→ RECORDS FOR THE EXERCISE:
(* Let $Y$ be an $\mathbb{R}^d$-valued random variable, $\pi:\mathbb{R}^d\to\mathbb{R}$ measurable, and $X$ a real-valued random variable; write $U_1(Y)=\mathbb{E}[X\mid Y]$. Assume that for some $q>2$, $\mathbb{E}[|X|^q]+\mathbb{E}[|\pi(Y)|^q]<\infty$, and that there exist $\bar\delta,\bar\rho>0$ such that $\mathbb{P}(|U_1(Y)-\pi(Y)|<x)\le\bar\rho x$ for all $x<\bar\delta$. Let $M_\ell=M_0 2^\ell$ for a fixed positive integer $M_0$. For $\ell\ge1$ let $\widehat E^{(0)}_{\ell-1}(Y)$ and $\widehat E^{(1)}_{\ell-1}(Y)$ be conditionally independent given $Y$, each being an average $M_{\ell-1}^{-1}\sum_{n=1}^{M_{\ell-1}}X^{(n)}(Y)$ of $M_{\ell-1}$ samples of $X$ that are conditionally independent given $Y$ and each have the conditional law of $X$ given $Y$. Define \[ \Delta^{\mathrm{ant}}_\ell(Y)=\max\left\{\tfrac12\big(\widehat E^{(0)}_{\ell-1}(Y)+\widehat E^{(1)}_{\ell-1}(Y)\big),\pi(Y)\right\}-\frac12\sum_{i=0}^1\max\left\{\widehat E^{(i)}_{\ell-1}(Y),\pi(Y)\right\}. \] Then there is $b_1>0$, independent of $\ell$, such that for $1\le p\le q$, \[ \mathbb{E}\left[|\Delta^{\mathrm{ant}}_\ell(Y)|^p\right]\le b_1\,2^{-q(1+p^{-1})p\ell/(2(q+1))}. \] *)

theory Defs
  imports "HOL-Probability.Probability"
begin

definition sigma_rv :: "'a measure \<Rightarrow> ('a \<Rightarrow> 'b::topological_space) \<Rightarrow> 'a measure" where
  "sigma_rv M Y = vimage_algebra (space M) Y borel"

text \<open>The random variables Xs i (i in the finite index set I) are conditionally independent
  given Y and each has the conditional law of X given Y.\<close>
definition cond_iid_copies ::
  "'a measure \<Rightarrow> ('a \<Rightarrow> 'b::topological_space) \<Rightarrow> ('a \<Rightarrow> real) \<Rightarrow> 'i set \<Rightarrow> ('i \<Rightarrow> 'a \<Rightarrow> real) \<Rightarrow> bool" where
  "cond_iid_copies M Y X I Xs \<longleftrightarrow>
     (\<forall>i\<in>I. Xs i \<in> borel_measurable M) \<and>
     (\<forall>A \<in> sets borel. \<forall>B. (\<forall>i\<in>I. B i \<in> sets borel) \<longrightarrow>
        measure M {\<omega> \<in> space M. Y \<omega> \<in> A \<and> (\<forall>i\<in>I. Xs i \<omega> \<in> B i)} =
        (\<integral>\<omega>. indicator A (Y \<omega>) *
              (\<Prod>i\<in>I. real_cond_exp M (sigma_rv M Y) (\<lambda>\<omega>'. indicator (B i) (X \<omega>')) \<omega>) \<partial>M))"

definition Mlev :: "nat \<Rightarrow> nat \<Rightarrow> nat" where
  "Mlev M0 l = M0 * 2 ^ l"

definition Ehat :: "nat \<Rightarrow> nat \<Rightarrow> (nat \<times> nat \<Rightarrow> 'a \<Rightarrow> real) \<Rightarrow> nat \<Rightarrow> 'a \<Rightarrow> real" where
  "Ehat M0 l Xs i \<omega> = (\<Sum>n<Mlev M0 (l - 1). Xs (i, n) \<omega>) / real (Mlev M0 (l - 1))"

definition Delta_ant :: "nat \<Rightarrow> nat \<Rightarrow> (nat \<times> nat \<Rightarrow> 'a \<Rightarrow> real) \<Rightarrow> ('a \<Rightarrow> real) \<Rightarrow> 'a \<Rightarrow> real" where
  "Delta_ant M0 l Xs piY \<omega> =
     max ((Ehat M0 l Xs 0 \<omega> + Ehat M0 l Xs 1 \<omega>) / 2) (piY \<omega>)
     - (1/2) * (\<Sum>i\<in>{0,1::nat}. max (Ehat M0 l Xs i \<omega>) (piY \<omega>))"

end

theory Submission
  imports Defs
begin

text \<open>
  The antithetic difference vanishes unless \<pi>(Y) lies strictly between the two inner estimates,
  and it never exceeds their spread. Hence, for every threshold t, |\<Delta>|^p is at most
  t^(p-q) D^q plus t^p on the event |U_1(Y) - \<pi>(Y)| < t, where D is the sum of the errors of
  the two inner estimates. Each error is an average of M_(l-1) samples which, centred at U_1(Y),
  are martingale differences with respect to their own history, so a Burkholder-type inequality
  gives E D^q = O(M_(l-1)^(-q/2)). The margin condition bounds the second term by \<rho> t^(p+1),
  and t = M_(l-1)^(-q/(2(q+1))) balances the two terms.
\<close>

section \<open>Elementary inequalities\<close>

lemma one_plus_powr_le_taylor:
  fixes q u :: real
  assumes q: "q > 2" and u: "\<bar>u\<bar> \<le> 1/2"
  shows "(1 + u) powr q \<le> 1 + q * u + q * (q - 1) * 2 powr q * u\<^sup>2"
proof (cases "u = 0")
  case True
  then show ?thesis by simp
next
  case False
  define d where "d = (\<lambda>m::nat. if m = 0 then (\<lambda>t::real. t powr q)
    else if m = 1 then (\<lambda>t. q * t powr (q - 1)) else (\<lambda>t. q * (q - 1) * t powr (q - 2)))"
  have d: "DERIV (d m) t :> d (Suc m) t" if "m < 2" "1/2 \<le> t" for m t
  proof -
    have t: "t > 0" using that by simp
    show ?thesis
    proof (cases "m = 0")
      case True
      then show ?thesis using has_real_derivative_powr[OF t, of q] by (simp add: d_def)
    next
      case False
      then show ?thesis using that DERIV_cmult[OF has_real_derivative_powr[OF t, of "q - 1"], of q]
        by (simp add: d_def algebra_simps)
    qed
  qed
  have "\<exists>t. (if 1 + u < 1 then 1 + u < t \<and> t < 1 else 1 < t \<and> t < 1 + u) \<and>
    d 0 (1 + u) = (\<Sum>m<2. d m 1 / fact m * (1 + u - 1) ^ m) + d 2 t / fact 2 * (1 + u - 1)\<^sup>2"
    by (rule Taylor[of 2 d "d 0" "1/2" "3/2" 1 "1 + u", OF _ refl]) (use d u False in auto)
  then obtain t where t: "if 1 + u < 1 then 1 + u < t \<and> t < 1 else 1 < t \<and> t < 1 + u"
    and taylor: "d 0 (1 + u) = (\<Sum>m<2. d m 1 / fact m * (1 + u - 1) ^ m) + d 2 t / fact 2 * (1 + u - 1)\<^sup>2"
    by blast
  have "t > 0" "t \<le> 2" using t u by (auto split: if_splits)
  then have "t powr (q - 2) \<le> 2 powr (q - 2)" using q by (intro powr_mono2) auto
  also have "\<dots> \<le> 2 powr q" by (intro powr_mono) auto
  finally have "t powr (q - 2) \<le> 2 powr q" .
  then have "t powr (q - 2) / 2 \<le> 2 powr q"
    using powr_ge_zero[of 2 q] by linarith
  then have "q * (q - 1) * (t powr (q - 2) / 2) \<le> q * (q - 1) * 2 powr q"
    using q by (intro mult_left_mono) auto
  then have "q * (q - 1) * (t powr (q - 2) / 2) * u\<^sup>2 \<le> q * (q - 1) * 2 powr q * u\<^sup>2"
    by (intro mult_right_mono) simp_all
  moreover have "(1 + u) powr q = 1 + q * u + q * (q - 1) * (t powr (q - 2) / 2) * u\<^sup>2"
    using taylor by (simp add: d_def numeral_2_eq_2)
  ultimately show ?thesis by simp
qed

text \<open>\<open>q * signed_powr q x\<close> is the derivative of \<open>\<bar>x\<bar> powr q\<close>.\<close>
definition signed_powr :: "real \<Rightarrow> real \<Rightarrow> real" where
  "signed_powr q x = sgn x * \<bar>x\<bar> powr (q - 1)"
(* If $G$ is a finite, connected, weakly-cliqued graph with $\chi(G)\ge 3$, then $G$ is trivially power-colorable.
   Context: Graphs are simple and undirected; a $k$-coloring is a proper coloring with colors in $\{0,\dots,k-1\}$. A graph $G$ with $\chi(G)=k$ is weakly-cliqued if every vertex lies in a clique of size $k$. For graphs $(G_i)_{i\in I}$, the product $\times_{i\in I}G_i$ has vertex set $\times_{i\in I}V(G_i)$, with $(u_i)$ adjacent to $(v_i)$ iff $u_iv_i\in E(G_i)$ for all $i$; $G^n$ is the product of $n$ copies of $G$. A coloring $\Phi$ of $\times_{i\in I}G_i$ is trivial if there exist $i^*\in I$ and a proper coloring $\phi$ of $G_{i^*}$ with $\Phi(v)=\phi(v_{i^*})$ for all $v$. A graph $H$ is trivially power-colorable if for every positive integer $n$, every $\chi(H)$-coloring of $H^n$ (viewed as the product of $n$ copies of $H$) is trivial. *)

theory Defs
  imports "HOL-Library.FuncSet"
begin

definition graph :: "'a set \<Rightarrow> ('a \<Rightarrow> 'a \<Rightarrow> bool) \<Rightarrow> bool" where
  "graph V E \<longleftrightarrow> (\<forall>u v. E u v \<longrightarrow> u \<in> V \<and> v \<in> V \<and> E v u \<and> u \<noteq> v)"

→ WHAT NEEDS TO BE DONE:
Starting with the line with "The antithetic difference" above and going on through the line with "t^(p-q) D^q plus", transcribe every line exactly, both ends included, and add nothing.

→ ANSWER FOR THE TASK:
  The antithetic difference vanishes unless \<pi>(Y) lies strictly between the two inner estimates,
  and it never exceeds their spread. Hence, for every threshold t, |\<Delta>|^p is at most
  t^(p-q) D^q plus t^p on the event |U_1(Y) - \<pi>(Y)| < t, where D is the sum of the errors of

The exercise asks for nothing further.